Data records:
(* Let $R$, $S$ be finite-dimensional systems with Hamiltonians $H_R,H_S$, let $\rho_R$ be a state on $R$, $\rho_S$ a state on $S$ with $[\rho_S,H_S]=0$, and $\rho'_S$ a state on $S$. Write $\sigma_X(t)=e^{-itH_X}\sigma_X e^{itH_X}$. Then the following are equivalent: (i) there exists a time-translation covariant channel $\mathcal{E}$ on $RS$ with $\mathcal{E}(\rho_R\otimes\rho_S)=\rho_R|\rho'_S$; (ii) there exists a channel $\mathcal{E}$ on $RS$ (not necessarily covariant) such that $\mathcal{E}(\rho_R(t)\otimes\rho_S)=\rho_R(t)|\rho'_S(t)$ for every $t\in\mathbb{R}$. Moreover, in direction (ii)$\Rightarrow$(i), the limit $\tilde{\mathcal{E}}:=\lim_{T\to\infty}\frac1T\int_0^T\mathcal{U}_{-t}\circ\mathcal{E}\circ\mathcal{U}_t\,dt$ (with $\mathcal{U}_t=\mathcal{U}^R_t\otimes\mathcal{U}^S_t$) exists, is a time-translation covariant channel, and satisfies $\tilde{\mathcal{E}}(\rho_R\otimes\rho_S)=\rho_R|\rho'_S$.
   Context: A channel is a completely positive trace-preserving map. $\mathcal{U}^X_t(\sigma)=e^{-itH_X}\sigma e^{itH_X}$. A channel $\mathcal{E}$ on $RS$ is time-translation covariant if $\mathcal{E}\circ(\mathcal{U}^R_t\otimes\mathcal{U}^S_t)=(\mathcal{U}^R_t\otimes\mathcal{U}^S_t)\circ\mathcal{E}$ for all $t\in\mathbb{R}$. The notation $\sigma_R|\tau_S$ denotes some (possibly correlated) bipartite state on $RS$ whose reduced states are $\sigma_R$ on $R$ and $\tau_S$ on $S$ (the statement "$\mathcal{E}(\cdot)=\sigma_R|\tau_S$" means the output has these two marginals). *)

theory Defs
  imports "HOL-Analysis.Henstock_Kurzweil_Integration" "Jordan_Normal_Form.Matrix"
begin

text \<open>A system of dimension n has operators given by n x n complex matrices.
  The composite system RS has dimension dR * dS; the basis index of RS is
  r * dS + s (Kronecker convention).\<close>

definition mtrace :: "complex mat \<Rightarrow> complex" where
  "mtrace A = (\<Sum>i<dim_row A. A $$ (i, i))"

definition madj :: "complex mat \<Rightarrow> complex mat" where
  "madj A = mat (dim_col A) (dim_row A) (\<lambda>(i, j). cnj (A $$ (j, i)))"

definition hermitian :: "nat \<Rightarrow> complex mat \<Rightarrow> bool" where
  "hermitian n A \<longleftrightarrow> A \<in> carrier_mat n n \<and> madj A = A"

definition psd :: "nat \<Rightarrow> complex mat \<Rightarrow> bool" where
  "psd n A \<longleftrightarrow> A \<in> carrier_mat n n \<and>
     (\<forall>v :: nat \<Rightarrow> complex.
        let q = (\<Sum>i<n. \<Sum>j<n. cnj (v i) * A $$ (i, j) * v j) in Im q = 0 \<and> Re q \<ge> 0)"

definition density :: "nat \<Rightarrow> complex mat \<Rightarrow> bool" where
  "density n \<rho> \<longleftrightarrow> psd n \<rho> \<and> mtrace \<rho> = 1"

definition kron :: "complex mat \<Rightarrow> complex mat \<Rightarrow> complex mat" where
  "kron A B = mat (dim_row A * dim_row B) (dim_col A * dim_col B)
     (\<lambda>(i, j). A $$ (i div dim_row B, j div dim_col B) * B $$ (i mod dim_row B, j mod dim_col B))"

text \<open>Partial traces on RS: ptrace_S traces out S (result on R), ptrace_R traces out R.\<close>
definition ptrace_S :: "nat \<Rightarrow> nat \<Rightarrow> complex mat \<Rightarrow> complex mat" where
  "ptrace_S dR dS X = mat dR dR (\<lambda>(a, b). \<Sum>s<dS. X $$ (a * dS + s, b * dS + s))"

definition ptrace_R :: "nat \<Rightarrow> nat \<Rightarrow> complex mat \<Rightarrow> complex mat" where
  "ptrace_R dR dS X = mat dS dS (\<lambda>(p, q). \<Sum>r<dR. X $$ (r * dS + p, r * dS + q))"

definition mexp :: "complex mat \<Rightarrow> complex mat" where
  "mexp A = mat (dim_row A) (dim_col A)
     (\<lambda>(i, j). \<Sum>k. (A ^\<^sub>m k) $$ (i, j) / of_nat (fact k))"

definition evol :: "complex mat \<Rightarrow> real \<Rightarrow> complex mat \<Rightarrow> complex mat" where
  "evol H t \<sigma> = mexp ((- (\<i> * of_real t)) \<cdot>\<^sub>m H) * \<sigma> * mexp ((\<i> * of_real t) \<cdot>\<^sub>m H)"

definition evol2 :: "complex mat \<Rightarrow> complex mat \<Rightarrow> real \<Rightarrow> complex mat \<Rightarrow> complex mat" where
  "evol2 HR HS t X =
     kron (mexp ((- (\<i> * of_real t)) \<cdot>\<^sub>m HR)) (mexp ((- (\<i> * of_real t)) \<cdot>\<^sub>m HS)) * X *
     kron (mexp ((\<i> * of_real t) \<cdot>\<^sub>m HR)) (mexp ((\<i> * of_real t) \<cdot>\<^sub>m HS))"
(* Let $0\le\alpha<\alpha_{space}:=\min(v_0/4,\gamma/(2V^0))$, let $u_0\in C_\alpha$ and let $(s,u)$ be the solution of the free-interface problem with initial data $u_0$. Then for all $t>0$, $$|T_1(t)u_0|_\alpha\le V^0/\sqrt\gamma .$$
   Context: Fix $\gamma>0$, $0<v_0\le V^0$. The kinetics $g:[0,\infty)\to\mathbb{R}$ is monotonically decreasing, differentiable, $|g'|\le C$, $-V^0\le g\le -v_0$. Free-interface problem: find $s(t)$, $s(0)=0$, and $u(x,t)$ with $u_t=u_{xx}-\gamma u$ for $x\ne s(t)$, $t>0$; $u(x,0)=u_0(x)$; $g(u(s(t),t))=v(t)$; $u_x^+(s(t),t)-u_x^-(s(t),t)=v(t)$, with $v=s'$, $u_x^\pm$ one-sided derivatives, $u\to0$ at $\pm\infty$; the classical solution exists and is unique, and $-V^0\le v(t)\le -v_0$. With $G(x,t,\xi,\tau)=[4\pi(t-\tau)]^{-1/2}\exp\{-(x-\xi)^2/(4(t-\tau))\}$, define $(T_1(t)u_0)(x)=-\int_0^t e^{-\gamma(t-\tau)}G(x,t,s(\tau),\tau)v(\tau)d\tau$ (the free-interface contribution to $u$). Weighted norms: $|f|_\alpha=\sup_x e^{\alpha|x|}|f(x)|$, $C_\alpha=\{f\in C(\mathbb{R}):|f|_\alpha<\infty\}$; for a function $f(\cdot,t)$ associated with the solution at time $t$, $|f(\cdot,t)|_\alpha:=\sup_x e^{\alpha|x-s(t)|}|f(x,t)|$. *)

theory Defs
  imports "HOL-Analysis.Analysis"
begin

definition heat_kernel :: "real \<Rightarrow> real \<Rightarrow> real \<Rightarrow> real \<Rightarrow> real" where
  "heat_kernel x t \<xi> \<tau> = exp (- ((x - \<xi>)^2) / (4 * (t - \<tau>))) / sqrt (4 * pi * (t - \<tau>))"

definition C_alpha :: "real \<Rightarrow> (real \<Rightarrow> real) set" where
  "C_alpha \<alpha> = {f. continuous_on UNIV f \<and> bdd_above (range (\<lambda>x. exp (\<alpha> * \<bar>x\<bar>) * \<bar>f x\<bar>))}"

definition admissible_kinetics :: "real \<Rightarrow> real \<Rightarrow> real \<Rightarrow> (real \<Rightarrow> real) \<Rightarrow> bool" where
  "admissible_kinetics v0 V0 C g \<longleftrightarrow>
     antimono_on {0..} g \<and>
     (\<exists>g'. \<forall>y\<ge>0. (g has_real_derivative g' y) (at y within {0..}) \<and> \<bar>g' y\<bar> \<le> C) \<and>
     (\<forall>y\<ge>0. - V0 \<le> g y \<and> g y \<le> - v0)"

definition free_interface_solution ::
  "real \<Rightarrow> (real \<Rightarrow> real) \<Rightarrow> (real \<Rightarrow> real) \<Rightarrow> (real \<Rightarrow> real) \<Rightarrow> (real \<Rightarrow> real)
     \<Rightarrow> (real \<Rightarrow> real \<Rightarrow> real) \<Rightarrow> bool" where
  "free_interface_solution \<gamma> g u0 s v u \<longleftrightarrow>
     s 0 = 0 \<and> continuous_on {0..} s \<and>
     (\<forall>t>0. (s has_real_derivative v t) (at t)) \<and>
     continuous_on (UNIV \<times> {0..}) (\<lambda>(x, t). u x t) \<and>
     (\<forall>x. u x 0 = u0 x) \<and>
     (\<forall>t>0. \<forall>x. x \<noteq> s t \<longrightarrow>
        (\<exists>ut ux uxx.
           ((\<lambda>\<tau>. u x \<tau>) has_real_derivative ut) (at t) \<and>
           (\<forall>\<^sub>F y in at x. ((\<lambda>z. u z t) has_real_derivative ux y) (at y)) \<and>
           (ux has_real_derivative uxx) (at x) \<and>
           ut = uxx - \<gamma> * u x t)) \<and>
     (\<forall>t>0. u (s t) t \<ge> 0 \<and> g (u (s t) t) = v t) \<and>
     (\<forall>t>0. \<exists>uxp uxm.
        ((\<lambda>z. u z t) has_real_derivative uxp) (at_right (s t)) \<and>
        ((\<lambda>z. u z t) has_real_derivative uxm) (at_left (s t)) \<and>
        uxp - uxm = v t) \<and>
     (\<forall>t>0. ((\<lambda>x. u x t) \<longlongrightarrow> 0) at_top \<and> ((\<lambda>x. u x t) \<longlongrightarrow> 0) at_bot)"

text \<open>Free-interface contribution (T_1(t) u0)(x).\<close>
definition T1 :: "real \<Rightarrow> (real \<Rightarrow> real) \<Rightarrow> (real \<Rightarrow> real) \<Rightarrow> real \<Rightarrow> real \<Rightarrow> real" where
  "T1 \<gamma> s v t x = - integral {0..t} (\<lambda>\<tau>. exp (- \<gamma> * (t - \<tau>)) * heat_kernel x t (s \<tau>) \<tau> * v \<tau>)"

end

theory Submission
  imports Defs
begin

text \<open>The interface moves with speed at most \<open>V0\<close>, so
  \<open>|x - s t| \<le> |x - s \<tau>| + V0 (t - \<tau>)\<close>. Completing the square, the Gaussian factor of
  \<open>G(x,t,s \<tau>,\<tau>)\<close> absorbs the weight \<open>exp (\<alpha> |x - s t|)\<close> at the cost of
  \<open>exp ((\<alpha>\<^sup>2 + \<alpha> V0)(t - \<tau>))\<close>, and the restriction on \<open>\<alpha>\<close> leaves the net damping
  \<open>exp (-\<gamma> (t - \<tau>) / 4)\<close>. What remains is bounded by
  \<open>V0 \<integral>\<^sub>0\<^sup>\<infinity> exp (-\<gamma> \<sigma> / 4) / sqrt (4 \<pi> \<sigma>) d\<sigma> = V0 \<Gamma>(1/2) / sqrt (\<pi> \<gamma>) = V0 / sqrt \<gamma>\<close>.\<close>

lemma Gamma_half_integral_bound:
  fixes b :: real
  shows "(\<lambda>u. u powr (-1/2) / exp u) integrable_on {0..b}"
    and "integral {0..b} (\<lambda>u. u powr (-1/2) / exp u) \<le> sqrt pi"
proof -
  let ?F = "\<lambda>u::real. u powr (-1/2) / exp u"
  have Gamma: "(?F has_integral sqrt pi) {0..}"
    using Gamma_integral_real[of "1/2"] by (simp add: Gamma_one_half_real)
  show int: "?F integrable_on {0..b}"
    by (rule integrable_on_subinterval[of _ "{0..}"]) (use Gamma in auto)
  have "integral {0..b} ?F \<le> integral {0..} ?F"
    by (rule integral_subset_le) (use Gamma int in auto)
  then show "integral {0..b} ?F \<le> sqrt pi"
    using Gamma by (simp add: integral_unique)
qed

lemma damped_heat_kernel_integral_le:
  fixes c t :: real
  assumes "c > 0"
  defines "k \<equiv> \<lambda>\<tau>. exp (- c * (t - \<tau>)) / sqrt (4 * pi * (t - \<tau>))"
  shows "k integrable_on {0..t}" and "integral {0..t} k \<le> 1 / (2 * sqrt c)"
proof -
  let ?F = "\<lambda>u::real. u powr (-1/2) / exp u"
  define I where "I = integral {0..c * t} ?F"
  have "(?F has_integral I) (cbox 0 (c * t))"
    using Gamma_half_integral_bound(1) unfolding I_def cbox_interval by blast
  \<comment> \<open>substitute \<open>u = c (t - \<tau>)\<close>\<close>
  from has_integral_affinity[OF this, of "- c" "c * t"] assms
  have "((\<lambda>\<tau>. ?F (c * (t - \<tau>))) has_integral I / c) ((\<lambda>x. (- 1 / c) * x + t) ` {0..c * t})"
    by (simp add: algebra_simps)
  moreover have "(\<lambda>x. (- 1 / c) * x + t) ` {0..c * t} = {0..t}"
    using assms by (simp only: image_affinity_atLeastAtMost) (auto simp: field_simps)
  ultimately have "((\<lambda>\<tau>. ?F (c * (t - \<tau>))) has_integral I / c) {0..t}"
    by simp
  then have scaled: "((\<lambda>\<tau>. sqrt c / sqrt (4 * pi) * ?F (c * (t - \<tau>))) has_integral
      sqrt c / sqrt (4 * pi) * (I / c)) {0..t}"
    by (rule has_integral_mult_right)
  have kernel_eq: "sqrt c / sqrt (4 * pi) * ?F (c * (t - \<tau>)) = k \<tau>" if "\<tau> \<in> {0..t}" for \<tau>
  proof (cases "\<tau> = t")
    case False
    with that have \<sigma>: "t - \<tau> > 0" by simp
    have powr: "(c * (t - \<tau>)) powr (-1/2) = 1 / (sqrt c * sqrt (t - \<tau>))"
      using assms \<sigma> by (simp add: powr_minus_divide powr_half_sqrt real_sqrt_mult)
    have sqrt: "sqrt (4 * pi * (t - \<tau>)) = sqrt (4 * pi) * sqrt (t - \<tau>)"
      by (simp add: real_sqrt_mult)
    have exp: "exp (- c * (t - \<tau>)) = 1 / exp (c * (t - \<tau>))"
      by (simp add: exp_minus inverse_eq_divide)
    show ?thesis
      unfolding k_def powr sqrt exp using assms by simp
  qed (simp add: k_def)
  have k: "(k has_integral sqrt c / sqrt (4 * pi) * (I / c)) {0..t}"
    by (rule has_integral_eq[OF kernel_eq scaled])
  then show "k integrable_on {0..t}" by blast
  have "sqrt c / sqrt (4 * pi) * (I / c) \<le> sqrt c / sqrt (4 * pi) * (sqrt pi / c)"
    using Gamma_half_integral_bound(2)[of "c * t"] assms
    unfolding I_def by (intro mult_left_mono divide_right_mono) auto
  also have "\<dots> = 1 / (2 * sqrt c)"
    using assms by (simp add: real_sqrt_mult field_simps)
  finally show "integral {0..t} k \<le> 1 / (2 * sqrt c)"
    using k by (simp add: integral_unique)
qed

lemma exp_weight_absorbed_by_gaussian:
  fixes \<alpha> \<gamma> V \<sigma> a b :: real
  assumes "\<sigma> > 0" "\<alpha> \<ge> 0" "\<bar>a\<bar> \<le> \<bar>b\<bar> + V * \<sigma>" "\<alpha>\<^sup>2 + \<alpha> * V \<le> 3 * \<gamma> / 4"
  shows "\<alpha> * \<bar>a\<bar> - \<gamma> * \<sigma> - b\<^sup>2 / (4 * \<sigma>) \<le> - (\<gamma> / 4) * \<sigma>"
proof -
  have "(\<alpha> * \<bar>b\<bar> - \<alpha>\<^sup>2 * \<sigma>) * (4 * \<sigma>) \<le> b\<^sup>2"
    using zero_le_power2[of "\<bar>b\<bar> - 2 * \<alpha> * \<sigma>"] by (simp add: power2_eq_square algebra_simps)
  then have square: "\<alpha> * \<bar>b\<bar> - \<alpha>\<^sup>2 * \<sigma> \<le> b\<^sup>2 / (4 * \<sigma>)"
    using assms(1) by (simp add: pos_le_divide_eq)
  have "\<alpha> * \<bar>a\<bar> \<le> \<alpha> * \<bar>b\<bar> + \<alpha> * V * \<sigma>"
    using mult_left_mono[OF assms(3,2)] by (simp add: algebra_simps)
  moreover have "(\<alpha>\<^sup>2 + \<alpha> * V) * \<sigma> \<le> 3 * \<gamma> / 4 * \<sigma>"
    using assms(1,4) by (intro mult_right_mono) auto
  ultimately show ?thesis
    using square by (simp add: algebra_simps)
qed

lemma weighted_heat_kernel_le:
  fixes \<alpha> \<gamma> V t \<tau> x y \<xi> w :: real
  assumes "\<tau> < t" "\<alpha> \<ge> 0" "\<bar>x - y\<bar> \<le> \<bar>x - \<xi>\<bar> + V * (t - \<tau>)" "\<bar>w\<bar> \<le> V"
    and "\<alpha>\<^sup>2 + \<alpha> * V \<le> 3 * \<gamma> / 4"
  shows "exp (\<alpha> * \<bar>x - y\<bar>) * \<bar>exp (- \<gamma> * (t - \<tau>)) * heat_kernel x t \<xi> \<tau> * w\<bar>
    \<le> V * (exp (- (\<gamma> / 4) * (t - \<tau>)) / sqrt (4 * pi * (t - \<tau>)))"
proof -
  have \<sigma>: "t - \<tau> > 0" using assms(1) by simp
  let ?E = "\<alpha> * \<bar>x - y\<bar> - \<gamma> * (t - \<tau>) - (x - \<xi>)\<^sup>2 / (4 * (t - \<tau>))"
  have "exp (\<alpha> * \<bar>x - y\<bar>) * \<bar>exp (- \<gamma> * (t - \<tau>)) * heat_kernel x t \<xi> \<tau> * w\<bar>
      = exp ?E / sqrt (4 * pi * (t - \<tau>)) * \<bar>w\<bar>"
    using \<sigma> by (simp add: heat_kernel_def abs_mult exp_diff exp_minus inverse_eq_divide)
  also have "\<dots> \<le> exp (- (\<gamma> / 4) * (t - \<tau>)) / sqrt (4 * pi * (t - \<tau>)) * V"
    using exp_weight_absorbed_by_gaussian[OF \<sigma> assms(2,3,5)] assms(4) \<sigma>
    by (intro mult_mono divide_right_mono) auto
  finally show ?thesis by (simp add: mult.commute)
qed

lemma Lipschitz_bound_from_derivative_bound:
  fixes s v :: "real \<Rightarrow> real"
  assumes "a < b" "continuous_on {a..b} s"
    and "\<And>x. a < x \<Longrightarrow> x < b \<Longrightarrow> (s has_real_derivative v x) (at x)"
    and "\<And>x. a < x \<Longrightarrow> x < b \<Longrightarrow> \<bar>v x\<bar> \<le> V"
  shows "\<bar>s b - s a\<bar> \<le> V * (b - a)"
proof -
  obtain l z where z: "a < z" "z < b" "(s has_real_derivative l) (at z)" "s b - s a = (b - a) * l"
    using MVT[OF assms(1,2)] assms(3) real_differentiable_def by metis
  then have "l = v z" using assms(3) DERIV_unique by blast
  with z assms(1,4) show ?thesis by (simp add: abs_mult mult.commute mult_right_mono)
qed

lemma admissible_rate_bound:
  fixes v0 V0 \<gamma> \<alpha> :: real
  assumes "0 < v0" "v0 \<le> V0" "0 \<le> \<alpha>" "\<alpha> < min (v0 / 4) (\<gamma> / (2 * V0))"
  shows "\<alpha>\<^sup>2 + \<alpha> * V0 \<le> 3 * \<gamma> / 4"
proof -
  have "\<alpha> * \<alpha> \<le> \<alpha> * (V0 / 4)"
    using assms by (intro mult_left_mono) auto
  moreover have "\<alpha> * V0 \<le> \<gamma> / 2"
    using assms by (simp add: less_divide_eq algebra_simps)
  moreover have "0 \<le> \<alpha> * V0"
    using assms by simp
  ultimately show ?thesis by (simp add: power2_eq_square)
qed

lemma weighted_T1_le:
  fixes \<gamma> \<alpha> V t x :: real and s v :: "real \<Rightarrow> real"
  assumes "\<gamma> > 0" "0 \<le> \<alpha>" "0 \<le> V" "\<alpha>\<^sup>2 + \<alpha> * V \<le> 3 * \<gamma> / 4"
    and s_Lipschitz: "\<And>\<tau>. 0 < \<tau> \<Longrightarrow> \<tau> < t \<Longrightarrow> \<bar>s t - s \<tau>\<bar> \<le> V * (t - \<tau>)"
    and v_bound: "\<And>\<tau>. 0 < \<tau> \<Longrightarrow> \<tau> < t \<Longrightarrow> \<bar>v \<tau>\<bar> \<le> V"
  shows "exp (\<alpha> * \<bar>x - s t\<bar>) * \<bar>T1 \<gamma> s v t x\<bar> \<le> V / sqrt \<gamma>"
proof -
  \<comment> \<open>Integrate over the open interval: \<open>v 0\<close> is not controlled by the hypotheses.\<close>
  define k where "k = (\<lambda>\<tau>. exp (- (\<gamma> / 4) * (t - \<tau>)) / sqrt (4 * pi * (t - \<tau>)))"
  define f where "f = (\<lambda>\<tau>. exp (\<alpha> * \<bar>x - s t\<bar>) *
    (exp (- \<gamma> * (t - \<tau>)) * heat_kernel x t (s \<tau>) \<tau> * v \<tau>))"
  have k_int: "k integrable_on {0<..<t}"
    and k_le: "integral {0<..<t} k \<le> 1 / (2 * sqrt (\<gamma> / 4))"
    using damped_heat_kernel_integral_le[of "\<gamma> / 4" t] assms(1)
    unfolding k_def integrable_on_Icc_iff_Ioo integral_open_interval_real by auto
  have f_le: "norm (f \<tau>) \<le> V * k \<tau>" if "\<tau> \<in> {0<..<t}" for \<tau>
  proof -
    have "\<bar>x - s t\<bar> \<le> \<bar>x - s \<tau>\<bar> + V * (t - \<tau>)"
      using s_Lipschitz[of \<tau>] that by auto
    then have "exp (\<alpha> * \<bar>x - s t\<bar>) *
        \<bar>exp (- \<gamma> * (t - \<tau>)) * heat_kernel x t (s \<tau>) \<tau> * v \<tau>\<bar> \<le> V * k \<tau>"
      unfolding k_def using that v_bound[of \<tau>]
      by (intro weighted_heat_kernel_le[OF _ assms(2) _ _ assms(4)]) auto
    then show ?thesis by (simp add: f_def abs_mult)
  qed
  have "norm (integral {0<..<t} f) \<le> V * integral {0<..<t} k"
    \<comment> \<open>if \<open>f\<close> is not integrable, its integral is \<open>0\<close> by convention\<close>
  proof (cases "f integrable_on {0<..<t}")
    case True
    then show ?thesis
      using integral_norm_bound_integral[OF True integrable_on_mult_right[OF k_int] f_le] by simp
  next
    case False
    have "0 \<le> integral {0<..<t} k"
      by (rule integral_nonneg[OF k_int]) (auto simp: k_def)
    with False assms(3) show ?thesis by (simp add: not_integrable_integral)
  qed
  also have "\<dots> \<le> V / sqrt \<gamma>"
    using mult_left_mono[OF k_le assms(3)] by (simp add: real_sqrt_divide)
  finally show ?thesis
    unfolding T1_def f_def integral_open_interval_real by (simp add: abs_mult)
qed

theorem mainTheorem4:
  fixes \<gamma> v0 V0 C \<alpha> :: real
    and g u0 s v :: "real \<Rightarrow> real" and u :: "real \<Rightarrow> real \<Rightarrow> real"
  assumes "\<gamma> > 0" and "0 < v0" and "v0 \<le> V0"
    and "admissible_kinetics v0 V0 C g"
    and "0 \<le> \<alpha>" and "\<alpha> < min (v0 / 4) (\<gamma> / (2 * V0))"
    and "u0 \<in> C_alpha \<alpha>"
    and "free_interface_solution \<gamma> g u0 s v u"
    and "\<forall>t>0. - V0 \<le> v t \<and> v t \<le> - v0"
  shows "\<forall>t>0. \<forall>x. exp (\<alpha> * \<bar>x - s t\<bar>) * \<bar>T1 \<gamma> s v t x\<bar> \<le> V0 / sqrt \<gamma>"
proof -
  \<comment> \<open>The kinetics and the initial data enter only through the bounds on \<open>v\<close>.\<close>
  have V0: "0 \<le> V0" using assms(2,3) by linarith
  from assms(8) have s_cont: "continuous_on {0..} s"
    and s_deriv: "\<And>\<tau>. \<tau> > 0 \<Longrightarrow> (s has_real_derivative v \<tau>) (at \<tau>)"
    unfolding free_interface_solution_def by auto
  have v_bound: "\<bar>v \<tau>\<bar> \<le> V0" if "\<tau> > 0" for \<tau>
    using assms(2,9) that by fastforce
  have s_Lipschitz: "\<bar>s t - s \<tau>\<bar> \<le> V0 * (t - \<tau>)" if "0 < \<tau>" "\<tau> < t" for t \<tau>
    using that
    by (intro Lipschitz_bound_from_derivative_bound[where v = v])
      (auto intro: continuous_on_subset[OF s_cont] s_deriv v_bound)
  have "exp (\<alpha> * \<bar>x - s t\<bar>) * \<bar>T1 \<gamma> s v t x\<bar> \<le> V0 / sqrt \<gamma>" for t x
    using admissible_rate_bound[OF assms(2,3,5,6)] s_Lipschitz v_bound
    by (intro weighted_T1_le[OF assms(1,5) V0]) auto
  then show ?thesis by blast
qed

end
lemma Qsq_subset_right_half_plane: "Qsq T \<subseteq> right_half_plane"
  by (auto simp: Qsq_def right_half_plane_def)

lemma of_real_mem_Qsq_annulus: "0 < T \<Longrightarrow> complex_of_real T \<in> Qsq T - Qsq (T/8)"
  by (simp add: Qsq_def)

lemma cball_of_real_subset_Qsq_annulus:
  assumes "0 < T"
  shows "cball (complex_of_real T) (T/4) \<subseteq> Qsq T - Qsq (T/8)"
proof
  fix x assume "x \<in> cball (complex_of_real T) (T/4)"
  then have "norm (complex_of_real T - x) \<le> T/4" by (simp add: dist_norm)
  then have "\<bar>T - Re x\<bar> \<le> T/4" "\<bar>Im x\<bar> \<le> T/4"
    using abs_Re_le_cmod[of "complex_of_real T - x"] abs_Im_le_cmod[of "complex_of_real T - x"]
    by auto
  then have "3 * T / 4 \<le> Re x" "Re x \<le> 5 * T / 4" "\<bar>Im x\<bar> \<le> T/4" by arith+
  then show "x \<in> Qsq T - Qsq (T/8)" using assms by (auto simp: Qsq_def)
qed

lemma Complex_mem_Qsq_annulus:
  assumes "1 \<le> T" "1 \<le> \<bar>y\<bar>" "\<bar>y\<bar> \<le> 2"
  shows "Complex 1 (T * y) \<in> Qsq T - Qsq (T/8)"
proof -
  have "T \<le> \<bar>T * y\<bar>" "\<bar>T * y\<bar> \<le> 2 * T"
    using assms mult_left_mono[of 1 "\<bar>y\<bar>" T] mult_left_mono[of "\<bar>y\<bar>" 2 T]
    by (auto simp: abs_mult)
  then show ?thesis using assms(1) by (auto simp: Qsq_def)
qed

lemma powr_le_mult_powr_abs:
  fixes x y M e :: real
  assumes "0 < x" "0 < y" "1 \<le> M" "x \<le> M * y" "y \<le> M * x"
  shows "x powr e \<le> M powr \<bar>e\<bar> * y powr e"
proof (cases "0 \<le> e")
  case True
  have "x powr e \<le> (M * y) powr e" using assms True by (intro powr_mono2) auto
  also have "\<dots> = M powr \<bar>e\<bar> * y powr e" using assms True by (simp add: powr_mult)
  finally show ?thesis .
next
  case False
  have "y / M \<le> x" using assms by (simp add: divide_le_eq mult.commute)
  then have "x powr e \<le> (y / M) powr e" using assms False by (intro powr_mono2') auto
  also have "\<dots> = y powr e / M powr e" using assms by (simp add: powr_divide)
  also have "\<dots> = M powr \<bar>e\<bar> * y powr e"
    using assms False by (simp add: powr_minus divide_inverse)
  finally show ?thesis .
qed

* _PROBLEM DESCRIPTION_: Copy out all lines from the records where the word "that" appears.

* _ANSWER_:
(* Let $R$, $S$ be finite-dimensional systems with Hamiltonians $H_R,H_S$, let $\rho_R$ be a state on $R$, $\rho_S$ a state on $S$ with $[\rho_S,H_S]=0$, and $\rho'_S$ a state on $S$. Write $\sigma_X(t)=e^{-itH_X}\sigma_X e^{itH_X}$. Then the following are equivalent: (i) there exists a time-translation covariant channel $\mathcal{E}$ on $RS$ with $\mathcal{E}(\rho_R\otimes\rho_S)=\rho_R|\rho'_S$; (ii) there exists a channel $\mathcal{E}$ on $RS$ (not necessarily covariant) such that $\mathcal{E}(\rho_R(t)\otimes\rho_S)=\rho_R(t)|\rho'_S(t)$ for every $t\in\mathbb{R}$. Moreover, in direction (ii)$\Rightarrow$(i), the limit $\tilde{\mathcal{E}}:=\lim_{T\to\infty}\frac1T\int_0^T\mathcal{U}_{-t}\circ\mathcal{E}\circ\mathcal{U}_t\,dt$ (with $\mathcal{U}_t=\mathcal{U}^R_t\otimes\mathcal{U}^S_t$) exists, is a time-translation covariant channel, and satisfies $\tilde{\mathcal{E}}(\rho_R\otimes\rho_S)=\rho_R|\rho'_S$.
    with that have \<sigma>: "t - \<tau> > 0" by simp
      using s_Lipschitz[of \<tau>] that by auto
      unfolding k_def using that v_bound[of \<tau>]
    using assms(2,9) that by fastforce
    using that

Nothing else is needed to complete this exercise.